▶ [Given records]
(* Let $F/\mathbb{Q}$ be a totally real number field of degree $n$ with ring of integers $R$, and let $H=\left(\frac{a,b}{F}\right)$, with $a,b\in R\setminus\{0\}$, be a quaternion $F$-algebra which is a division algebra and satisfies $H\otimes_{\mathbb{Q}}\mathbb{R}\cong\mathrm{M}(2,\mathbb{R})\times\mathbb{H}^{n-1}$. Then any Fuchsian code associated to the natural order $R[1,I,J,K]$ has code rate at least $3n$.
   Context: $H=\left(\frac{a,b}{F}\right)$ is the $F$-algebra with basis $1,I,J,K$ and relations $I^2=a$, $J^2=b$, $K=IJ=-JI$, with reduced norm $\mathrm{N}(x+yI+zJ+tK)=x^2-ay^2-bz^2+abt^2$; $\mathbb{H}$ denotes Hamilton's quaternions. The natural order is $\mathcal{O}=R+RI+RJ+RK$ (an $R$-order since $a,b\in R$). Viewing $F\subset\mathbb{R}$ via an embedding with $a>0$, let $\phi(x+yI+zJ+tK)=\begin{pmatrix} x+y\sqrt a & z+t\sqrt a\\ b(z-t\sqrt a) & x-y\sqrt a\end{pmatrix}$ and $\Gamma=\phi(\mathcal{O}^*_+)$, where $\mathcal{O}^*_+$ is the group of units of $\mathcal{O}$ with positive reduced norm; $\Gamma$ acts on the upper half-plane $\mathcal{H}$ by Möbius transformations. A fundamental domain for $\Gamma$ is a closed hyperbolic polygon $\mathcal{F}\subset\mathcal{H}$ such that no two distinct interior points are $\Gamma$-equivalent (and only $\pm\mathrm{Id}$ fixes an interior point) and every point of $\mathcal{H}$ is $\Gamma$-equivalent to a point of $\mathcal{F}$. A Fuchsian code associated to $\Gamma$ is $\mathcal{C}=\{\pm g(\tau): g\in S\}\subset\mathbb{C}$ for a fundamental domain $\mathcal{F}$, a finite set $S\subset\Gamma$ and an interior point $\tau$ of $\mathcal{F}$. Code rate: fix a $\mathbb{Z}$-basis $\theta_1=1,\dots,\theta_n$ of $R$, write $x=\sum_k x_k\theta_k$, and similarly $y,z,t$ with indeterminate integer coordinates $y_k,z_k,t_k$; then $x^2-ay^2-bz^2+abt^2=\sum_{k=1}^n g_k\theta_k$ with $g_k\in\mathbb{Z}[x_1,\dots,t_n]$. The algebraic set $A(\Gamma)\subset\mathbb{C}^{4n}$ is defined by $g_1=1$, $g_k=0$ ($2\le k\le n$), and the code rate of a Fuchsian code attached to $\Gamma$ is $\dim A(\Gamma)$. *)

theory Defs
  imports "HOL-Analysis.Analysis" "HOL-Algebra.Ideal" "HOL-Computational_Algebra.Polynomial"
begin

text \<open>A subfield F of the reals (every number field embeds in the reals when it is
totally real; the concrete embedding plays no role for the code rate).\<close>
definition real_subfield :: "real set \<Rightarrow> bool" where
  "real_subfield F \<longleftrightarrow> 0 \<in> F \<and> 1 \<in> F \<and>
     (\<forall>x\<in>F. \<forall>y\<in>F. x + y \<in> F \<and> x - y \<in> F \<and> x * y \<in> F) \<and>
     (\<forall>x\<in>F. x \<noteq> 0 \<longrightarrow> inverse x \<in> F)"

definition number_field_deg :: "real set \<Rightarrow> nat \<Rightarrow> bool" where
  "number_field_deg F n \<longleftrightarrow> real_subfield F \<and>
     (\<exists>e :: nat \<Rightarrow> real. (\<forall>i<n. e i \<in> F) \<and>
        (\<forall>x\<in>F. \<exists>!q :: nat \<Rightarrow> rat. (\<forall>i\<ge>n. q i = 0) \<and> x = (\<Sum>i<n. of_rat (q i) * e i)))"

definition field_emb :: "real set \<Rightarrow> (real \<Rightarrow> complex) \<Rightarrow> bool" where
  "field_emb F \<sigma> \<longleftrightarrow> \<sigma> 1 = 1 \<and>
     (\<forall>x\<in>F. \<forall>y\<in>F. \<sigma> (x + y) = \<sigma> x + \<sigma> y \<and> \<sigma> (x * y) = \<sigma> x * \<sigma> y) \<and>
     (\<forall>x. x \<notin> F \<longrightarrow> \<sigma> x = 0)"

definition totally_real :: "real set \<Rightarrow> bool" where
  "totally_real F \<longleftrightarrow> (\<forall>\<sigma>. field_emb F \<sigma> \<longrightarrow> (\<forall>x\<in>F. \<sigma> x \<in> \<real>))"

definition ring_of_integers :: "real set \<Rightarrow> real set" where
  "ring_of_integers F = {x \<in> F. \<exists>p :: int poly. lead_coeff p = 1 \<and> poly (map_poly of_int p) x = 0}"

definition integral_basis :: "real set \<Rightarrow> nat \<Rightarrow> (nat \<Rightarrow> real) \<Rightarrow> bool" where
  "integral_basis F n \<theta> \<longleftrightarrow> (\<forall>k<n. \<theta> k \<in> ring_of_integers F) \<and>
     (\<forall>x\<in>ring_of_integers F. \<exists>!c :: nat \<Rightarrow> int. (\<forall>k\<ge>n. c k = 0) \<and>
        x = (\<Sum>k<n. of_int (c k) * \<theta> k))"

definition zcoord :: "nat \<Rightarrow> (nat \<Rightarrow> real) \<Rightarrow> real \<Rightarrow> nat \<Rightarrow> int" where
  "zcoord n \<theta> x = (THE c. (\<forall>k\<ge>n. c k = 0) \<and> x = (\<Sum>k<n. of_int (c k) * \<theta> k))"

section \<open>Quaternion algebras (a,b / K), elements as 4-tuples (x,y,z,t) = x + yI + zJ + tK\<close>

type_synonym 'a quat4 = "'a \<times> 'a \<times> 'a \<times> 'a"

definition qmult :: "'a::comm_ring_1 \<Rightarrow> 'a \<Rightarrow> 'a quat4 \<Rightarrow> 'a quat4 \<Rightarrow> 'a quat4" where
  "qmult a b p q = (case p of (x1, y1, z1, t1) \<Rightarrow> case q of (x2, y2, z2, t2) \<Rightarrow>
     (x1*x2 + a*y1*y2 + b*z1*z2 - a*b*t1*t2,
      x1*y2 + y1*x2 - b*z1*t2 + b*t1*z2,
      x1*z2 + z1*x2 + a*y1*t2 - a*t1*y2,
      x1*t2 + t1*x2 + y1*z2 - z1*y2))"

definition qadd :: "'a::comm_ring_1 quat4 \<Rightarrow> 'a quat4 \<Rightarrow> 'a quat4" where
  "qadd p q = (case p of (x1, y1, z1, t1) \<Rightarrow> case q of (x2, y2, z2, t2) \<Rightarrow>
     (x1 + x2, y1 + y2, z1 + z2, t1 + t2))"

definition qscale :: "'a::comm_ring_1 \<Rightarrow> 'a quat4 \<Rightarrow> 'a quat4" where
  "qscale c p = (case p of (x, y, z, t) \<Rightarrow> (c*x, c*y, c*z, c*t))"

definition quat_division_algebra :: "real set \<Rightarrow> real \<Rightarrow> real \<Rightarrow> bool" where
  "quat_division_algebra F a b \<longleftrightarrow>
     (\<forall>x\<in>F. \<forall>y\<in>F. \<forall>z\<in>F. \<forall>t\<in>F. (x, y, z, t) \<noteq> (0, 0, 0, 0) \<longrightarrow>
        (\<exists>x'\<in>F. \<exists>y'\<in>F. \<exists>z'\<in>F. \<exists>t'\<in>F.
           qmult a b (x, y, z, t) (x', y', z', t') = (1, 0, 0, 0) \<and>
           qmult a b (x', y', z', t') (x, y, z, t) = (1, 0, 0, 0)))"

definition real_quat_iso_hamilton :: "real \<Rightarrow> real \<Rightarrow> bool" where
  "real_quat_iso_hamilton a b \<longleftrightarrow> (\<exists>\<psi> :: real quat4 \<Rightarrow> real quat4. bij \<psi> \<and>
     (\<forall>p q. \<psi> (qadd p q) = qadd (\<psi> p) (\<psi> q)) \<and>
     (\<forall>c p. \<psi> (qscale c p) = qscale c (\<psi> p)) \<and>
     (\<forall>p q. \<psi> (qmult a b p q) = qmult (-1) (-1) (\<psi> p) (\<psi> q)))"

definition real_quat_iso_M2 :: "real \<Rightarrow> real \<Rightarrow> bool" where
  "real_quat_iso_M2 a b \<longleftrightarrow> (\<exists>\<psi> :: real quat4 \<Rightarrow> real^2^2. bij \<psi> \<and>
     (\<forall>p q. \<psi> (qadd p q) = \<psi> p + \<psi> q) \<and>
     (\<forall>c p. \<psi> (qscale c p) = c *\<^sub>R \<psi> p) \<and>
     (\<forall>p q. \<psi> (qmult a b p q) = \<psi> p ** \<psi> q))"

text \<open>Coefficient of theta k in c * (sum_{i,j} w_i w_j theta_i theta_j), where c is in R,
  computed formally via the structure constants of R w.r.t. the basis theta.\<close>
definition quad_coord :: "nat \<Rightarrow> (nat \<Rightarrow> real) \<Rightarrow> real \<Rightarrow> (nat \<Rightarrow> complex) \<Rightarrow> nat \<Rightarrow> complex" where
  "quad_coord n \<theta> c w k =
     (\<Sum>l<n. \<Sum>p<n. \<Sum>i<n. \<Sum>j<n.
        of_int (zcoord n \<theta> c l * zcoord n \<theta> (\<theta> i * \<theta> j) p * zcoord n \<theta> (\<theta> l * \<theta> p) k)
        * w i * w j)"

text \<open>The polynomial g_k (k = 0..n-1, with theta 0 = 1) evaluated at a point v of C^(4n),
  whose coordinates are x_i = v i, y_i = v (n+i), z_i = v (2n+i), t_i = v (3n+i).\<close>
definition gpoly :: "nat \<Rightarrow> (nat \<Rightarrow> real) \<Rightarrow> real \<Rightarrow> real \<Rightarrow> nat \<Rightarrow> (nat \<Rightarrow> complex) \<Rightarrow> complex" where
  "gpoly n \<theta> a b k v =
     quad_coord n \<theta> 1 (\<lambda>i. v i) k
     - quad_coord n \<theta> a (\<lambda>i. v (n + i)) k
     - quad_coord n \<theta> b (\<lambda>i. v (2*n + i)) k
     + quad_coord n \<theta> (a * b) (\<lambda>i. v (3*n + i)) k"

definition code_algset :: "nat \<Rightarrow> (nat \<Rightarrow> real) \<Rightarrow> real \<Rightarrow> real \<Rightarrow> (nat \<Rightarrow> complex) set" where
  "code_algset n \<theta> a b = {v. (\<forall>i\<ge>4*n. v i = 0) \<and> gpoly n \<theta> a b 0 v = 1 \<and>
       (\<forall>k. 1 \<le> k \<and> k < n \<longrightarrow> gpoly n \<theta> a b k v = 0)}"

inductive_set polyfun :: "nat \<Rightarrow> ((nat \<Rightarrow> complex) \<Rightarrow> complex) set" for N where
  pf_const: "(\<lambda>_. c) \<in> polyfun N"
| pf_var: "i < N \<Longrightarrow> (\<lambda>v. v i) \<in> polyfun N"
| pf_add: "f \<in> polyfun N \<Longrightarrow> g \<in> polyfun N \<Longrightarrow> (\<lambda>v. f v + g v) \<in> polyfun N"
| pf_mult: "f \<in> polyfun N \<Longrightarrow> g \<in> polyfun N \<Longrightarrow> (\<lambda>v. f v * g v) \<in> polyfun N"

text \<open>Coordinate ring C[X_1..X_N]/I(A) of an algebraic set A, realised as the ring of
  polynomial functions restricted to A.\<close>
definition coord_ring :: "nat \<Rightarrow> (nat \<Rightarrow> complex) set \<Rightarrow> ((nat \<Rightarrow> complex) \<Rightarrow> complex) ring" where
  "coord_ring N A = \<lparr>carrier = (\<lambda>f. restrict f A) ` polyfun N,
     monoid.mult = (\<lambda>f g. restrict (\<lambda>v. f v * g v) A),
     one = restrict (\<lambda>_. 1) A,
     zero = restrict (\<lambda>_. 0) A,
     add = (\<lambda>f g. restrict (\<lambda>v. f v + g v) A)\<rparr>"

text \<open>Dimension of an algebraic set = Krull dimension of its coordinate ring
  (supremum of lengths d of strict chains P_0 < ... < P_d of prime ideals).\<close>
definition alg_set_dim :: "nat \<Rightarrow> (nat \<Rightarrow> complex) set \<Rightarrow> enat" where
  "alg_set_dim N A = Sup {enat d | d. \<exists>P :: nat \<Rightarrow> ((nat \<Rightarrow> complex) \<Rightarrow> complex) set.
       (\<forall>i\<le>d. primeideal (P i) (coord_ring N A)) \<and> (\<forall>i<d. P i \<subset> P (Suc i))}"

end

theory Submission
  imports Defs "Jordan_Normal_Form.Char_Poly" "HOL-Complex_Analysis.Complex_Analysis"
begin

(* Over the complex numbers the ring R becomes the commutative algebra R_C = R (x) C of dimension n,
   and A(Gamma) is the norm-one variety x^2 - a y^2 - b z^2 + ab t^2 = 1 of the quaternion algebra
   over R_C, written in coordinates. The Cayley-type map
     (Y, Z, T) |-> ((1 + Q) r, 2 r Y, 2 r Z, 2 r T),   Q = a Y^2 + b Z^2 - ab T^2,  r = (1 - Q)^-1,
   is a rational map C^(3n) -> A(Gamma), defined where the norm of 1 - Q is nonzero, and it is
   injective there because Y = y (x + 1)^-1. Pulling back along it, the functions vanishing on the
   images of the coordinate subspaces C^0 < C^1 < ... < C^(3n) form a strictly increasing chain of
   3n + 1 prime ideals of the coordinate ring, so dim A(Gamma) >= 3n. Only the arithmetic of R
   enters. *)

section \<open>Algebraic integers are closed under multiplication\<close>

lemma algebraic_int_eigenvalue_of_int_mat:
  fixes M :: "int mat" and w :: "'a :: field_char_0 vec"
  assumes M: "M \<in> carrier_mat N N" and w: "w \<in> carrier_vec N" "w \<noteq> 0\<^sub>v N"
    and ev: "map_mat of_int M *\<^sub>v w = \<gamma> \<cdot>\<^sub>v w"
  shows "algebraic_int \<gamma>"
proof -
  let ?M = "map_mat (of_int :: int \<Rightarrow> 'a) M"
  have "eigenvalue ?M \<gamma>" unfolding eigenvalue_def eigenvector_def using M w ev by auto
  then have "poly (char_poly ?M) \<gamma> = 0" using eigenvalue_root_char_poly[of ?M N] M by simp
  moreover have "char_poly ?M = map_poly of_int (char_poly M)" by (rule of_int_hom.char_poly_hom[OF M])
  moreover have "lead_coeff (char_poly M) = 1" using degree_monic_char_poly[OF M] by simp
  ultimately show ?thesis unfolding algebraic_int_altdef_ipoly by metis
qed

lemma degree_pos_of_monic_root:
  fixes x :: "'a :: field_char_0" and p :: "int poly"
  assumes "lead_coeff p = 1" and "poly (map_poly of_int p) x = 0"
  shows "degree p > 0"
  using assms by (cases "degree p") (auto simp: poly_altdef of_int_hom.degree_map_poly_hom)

...

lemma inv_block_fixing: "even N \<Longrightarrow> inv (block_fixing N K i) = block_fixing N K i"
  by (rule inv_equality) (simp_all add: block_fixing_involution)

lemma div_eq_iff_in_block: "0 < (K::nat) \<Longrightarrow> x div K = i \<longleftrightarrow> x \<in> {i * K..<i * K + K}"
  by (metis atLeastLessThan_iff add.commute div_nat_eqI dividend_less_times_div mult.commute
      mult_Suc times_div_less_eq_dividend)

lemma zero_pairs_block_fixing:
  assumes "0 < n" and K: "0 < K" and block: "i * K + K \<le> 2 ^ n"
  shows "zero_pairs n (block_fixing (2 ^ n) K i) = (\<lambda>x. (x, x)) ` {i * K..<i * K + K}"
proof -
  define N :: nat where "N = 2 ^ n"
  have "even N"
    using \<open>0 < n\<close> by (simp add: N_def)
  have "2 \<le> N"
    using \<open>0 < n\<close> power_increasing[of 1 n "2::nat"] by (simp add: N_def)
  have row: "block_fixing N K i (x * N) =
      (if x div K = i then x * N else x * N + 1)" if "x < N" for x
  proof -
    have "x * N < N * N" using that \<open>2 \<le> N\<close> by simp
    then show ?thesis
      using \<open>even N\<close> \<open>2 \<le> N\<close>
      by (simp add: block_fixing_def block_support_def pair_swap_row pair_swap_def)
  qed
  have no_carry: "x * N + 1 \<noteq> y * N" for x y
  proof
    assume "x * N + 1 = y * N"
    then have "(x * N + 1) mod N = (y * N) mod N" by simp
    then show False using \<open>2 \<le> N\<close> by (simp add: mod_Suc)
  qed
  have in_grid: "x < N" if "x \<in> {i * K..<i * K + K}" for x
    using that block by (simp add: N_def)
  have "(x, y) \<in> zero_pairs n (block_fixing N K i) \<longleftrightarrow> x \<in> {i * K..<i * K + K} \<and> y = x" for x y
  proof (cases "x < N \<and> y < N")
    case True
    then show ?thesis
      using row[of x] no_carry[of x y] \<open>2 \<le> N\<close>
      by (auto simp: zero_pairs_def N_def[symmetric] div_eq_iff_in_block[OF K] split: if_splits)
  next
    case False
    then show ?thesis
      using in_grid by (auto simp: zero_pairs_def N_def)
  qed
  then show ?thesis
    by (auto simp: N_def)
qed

...

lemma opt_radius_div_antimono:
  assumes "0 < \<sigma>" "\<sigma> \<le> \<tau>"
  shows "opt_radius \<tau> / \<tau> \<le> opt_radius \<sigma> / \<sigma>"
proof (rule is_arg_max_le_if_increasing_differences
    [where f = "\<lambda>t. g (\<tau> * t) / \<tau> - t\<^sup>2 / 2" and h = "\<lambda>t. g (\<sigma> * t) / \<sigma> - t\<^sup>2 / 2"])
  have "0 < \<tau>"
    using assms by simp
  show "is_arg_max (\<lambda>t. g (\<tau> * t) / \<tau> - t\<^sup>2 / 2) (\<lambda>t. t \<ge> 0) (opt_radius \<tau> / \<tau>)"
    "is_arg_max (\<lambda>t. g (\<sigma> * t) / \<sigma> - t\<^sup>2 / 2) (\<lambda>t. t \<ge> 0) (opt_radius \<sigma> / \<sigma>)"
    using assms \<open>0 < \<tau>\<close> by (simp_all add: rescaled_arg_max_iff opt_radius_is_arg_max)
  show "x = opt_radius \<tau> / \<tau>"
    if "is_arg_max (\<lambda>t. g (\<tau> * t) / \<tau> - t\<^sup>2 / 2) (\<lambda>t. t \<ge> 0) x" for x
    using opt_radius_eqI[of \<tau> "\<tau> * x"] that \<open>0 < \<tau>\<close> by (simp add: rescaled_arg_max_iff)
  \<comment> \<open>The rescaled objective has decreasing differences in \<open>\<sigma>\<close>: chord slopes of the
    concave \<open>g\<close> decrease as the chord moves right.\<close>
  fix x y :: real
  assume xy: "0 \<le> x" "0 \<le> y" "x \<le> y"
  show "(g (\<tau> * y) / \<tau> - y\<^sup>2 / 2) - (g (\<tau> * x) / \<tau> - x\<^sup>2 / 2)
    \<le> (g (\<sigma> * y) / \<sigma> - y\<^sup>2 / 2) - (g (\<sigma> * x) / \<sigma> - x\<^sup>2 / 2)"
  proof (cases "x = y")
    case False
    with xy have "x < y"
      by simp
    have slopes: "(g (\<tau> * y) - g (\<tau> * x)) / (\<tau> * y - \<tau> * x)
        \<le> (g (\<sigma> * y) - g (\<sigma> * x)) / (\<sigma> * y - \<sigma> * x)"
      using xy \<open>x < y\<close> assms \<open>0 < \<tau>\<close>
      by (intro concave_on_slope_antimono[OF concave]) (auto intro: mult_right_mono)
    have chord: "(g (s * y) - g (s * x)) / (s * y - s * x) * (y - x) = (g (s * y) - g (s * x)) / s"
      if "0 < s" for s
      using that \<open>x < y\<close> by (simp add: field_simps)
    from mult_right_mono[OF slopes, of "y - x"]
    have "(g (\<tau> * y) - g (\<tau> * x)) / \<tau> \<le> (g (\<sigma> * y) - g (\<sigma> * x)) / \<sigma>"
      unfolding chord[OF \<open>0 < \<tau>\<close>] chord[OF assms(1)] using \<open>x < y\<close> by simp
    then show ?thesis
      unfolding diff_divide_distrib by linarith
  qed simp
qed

▶ [Assignment]
In the material above, each line with the word "shows" should be copied.

▶ [Solution]
  shows "algebraic_int \<gamma>"
  shows "degree p > 0"
  shows "zero_pairs n (block_fixing (2 ^ n) K i) = (\<lambda>x. (x, x)) ` {i * K..<i * K + K}"
  shows "opt_radius \<tau> / \<tau> \<le> opt_radius \<sigma> / \<sigma>"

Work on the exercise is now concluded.